**What you are asked to do:** Locate the line with "unfolding moebius_sum_def[symmetric] by" in the material. Copy that line and each one after it, through the last, exactly and with nothing else.
++++++
lemma moebius_sum_prime_power_mult_diff:
  assumes "prime p" "\<not> p dvd n" "r > 0" "n > 0"
  shows "moebius_sum a (p ^ r * n) m
       = moebius_sum a n (p ^ r * m) - subst_pow (moebius_sum a n (p ^ (r - 1) * m)) p"
  unfolding moebius_sum_prime_power_mult[OF assms]
  by (simp add: moebius_sum_altdef subst_pow_sum
      subst_pow_smult subst_pow_diff subst_pow_subst_pow smult_diff_right sum_subtractf mult_ac)

lemma moebius_sum_prime_power:
  assumes "prime p" "r > 0"
  shows "moebius_sum a (p ^ r) m = a (p ^ r * m) - subst_pow (a (p ^ (r - 1) * m)) p"
  using moebius_sum_prime_power_mult_diff[of p 1 r a m] assms
  by (simp add: not_prime_unit del: One_nat_def)

lemma qint_dvd_moebius_sum_prime_power_mult:
  assumes p: "prime p" "\<not> p dvd n" "\<not> p dvd m" and "r > 0" "n > 0" "m > 0" "coprime m n"
    and cong_p: "\<And>k. k > 0 \<Longrightarrow> \<not> p dvd k \<Longrightarrow>
           qint (p ^ r) k dvd a (p ^ r * k) - subst_pow (a (p ^ (r - 1) * k)) p"
    and cong_n: "\<And>k. k > 0 \<Longrightarrow> coprime k n \<Longrightarrow> qint n k dvd moebius_sum a n k"
  shows "qint (p ^ r * n) m dvd moebius_sum a (p ^ r * n) m"
proof (rule qint_mult_dvd)
  have coprime_p_n: "coprime (p ^ k) n" for k
    using p by (simp add: prime_imp_coprime)
  then show "coprime (p ^ r) n" .
  show "m > 0" by fact
  have "qint n (p ^ r * m) dvd moebius_sum a n (p ^ r * m)"
    using coprime_p_n assms by (intro cong_n) (auto simp: prime_gt_0_nat)
  moreover have "qint n (p ^ r * m) dvd subst_pow (moebius_sum a n (p ^ (r - 1) * m)) p"
  proof -
    have "qint n (p ^ (r - 1) * m) dvd moebius_sum a n (p ^ (r - 1) * m)"
      using coprime_p_n assms by (intro cong_n) (auto simp: prime_gt_0_nat)
    then have "subst_pow (qint n (p ^ (r - 1) * m)) p dvd subst_pow (moebius_sum a n (p ^ (r - 1) * m)) p"
      by (rule subst_pow_dvd)
    then show ?thesis
      using \<open>r > 0\<close> by (simp add: subst_pow_qint power_eq_if mult_ac)
  qed
  ultimately show "qint n (p ^ r * m) dvd moebius_sum a (p ^ r * n) m"
    unfolding moebius_sum_prime_power_mult_diff[OF p(1,2) \<open>r > 0\<close> \<open>n > 0\<close>] by (rule dvd_diff)
  show "qint (p ^ r) (n * m) dvd moebius_sum a (p ^ r * n) m"
    unfolding moebius_sum_prime_power_mult[OF p(1,2) \<open>r > 0\<close> \<open>n > 0\<close>]
  proof (intro dvd_sum dvd_smult)
    fix e assume "e \<in> {e. e dvd n}"
    then obtain c where c: "n = e * c" by auto
    with assms have "c > 0" "\<not> p dvd c * m"
      by (auto simp: prime_dvd_mult_iff)
    then have "subst_pow (qint (p ^ r) (c * m)) e dvd subst_pow (a (p ^ r * (c * m))
                 - subst_pow (a (p ^ (r - 1) * (c * m))) p) e"
      using cong_p[of "c * m"] \<open>m > 0\<close> by (intro subst_pow_dvd) simp
    moreover have "subst_pow (qint (p ^ r) (c * m)) e = qint (p ^ r) (n * m)"
      using c by (simp add: subst_pow_qint mult_ac)
    ultimately show "qint (p ^ r) (n * m) dvd subst_pow (a (p ^ r * (n div e * m))
                 - subst_pow (a (p ^ (r - 1) * (n div e * m))) p) e"
      using c \<open>n > 0\<close> by auto
  qed
qed

lemma qint_dvd_moebius_sum:
  assumes "n > 0" "m > 0" "coprime m n"
    and "\<And>p k r. prime p \<Longrightarrow> p dvd n \<Longrightarrow> k > 0 \<Longrightarrow> r > 0 \<Longrightarrow> \<not> p dvd k \<Longrightarrow>
           qint (p ^ r) k dvd a (p ^ r * k) - subst_pow (a (p ^ (r - 1) * k)) p"
  shows "qint n m dvd moebius_sum a n m"
  using assms
proof (induction n arbitrary: m rule: less_induct)
  case (less n)
  show ?case
  proof (cases "n = 1")
    case False
    then obtain p where p: "prime p" "p dvd n"
      using prime_factor_nat by blast
    have "\<not> is_unit p"
      using p(1) not_prime_unit by blast
    moreover have "n \<noteq> 0"
      using less.prems by simp
    ultimately obtain n' where n': "n = p ^ multiplicity p n * n'" "\<not> p dvd n'"
      using multiplicity_decompose'[of n p] by blast
    define r where "r = multiplicity p n"
    have n_eq: "n = p ^ r * n'"
      unfolding r_def by (rule n'(1))
    have "r > 0"
      using p \<open>n \<noteq> 0\<close> by (simp add: r_def prime_multiplicity_gt_zero_iff)
    have "p ^ r > 1"
      using p(1) \<open>r > 0\<close> prime_gt_1_nat one_less_power by blast
    then have "n' < n" "n' > 0"
      using n_eq \<open>n \<noteq> 0\<close> by auto
    have "\<not> p dvd m"
      using less.prems p by (metis coprime_common_divisor not_prime_unit)
    show ?thesis
      unfolding n_eq
    proof (rule qint_dvd_moebius_sum_prime_power_mult[OF p(1) n'(2) \<open>\<not> p dvd m\<close> \<open>r > 0\<close> \<open>n' > 0\<close>])
      show "coprime m n'"
        using less.prems n_eq by simp
      show "qint (p ^ r) k dvd a (p ^ r * k) - subst_pow (a (p ^ (r - 1) * k)) p"
        if "k > 0" "\<not> p dvd k" for k
        using less.prems p that \<open>r > 0\<close> by blast
      show "qint n' k dvd moebius_sum a n' k" if "k > 0" "coprime k n'" for k
        using less.IH[OF \<open>n' < n\<close> \<open>n' > 0\<close> that] less.prems n_eq by auto
    qed (use less.prems in auto)
  qed (simp del: One_nat_def)
qed

theorem theorem8:
  fixes S :: "nat set" and a :: "nat \<Rightarrow> int poly"
  assumes "S \<noteq> {}" and "\<forall>p\<in>S. prime p"
  shows "(\<forall>p\<in>S. \<forall>m r. m \<ge> 1 \<longrightarrow> r \<ge> 1 \<longrightarrow> \<not> p dvd m \<longrightarrow>
            qint (p ^ r) m dvd (a (p ^ r * m) - subst_pow (a (p ^ (r - 1) * m)) p))
    \<longleftrightarrow>
         (\<forall>n m. n \<ge> 1 \<longrightarrow> (\<forall>p. prime p \<longrightarrow> p dvd n \<longrightarrow> p \<in> S) \<longrightarrow> m \<ge> 1 \<longrightarrow> coprime m n \<longrightarrow>
            qint n m dvd (\<Sum>d | d dvd n. smult (moebius d) (subst_pow (a (n * m div d)) d)))"
  (is "?cong \<longleftrightarrow> ?moebius")
proof
  assume ?cong
  then show ?moebius
    unfolding moebius_sum_def[symmetric] by (auto intro!: qint_dvd_moebius_sum)
next
  assume ?moebius
  then have moebius: "qint n m dvd moebius_sum a n m"
    if "n \<ge> 1" "\<forall>p. prime p \<longrightarrow> p dvd n \<longrightarrow> p \<in> S" "m \<ge> 1" "coprime m n" for n m
    using that by (simp add: moebius_sum_def)
  show ?cong
  proof (intro ballI allI impI)
    fix p m r :: nat
    assume "p \<in> S" "m \<ge> 1" "r \<ge> 1" "\<not> p dvd m"
    moreover have "prime p"
      using \<open>p \<in> S\<close> assms(2) by blast
    moreover have "coprime m (p ^ r)"
      using calculation prime_imp_coprime coprime_commute coprime_power_right_iff by blast
    ultimately have "qint (p ^ r) m dvd moebius_sum a (p ^ r) m"
      by (intro moebius) (auto simp: prime_gt_0_nat Suc_le_eq dest: prime_dvd_power primes_dvd_imp_eq)
    with \<open>prime p\<close> \<open>r \<ge> 1\<close> show "qint (p ^ r) m dvd a (p ^ r * m) - subst_pow (a (p ^ (r - 1) * m)) p"
      by (simp add: moebius_sum_prime_power)
  qed
qed

end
++++++
**Output:**
    unfolding moebius_sum_def[symmetric] by (auto intro!: qint_dvd_moebius_sum)
next
  assume ?moebius
  then have moebius: "qint n m dvd moebius_sum a n m"
    if "n \<ge> 1" "\<forall>p. prime p \<longrightarrow> p dvd n \<longrightarrow> p \<in> S" "m \<ge> 1" "coprime m n" for n m
    using that by (simp add: moebius_sum_def)
  show ?cong
  proof (intro ballI allI impI)
    fix p m r :: nat
    assume "p \<in> S" "m \<ge> 1" "r \<ge> 1" "\<not> p dvd m"
    moreover have "prime p"
      using \<open>p \<in> S\<close> assms(2) by blast
    moreover have "coprime m (p ^ r)"
      using calculation prime_imp_coprime coprime_commute coprime_power_right_iff by blast
    ultimately have "qint (p ^ r) m dvd moebius_sum a (p ^ r) m"
      by (intro moebius) (auto simp: prime_gt_0_nat Suc_le_eq dest: prime_dvd_power primes_dvd_imp_eq)
    with \<open>prime p\<close> \<open>r \<ge> 1\<close> show "qint (p ^ r) m dvd a (p ^ r * m) - subst_pow (a (p ^ (r - 1) * m)) p"
      by (simp add: moebius_sum_prime_power)
  qed
qed

end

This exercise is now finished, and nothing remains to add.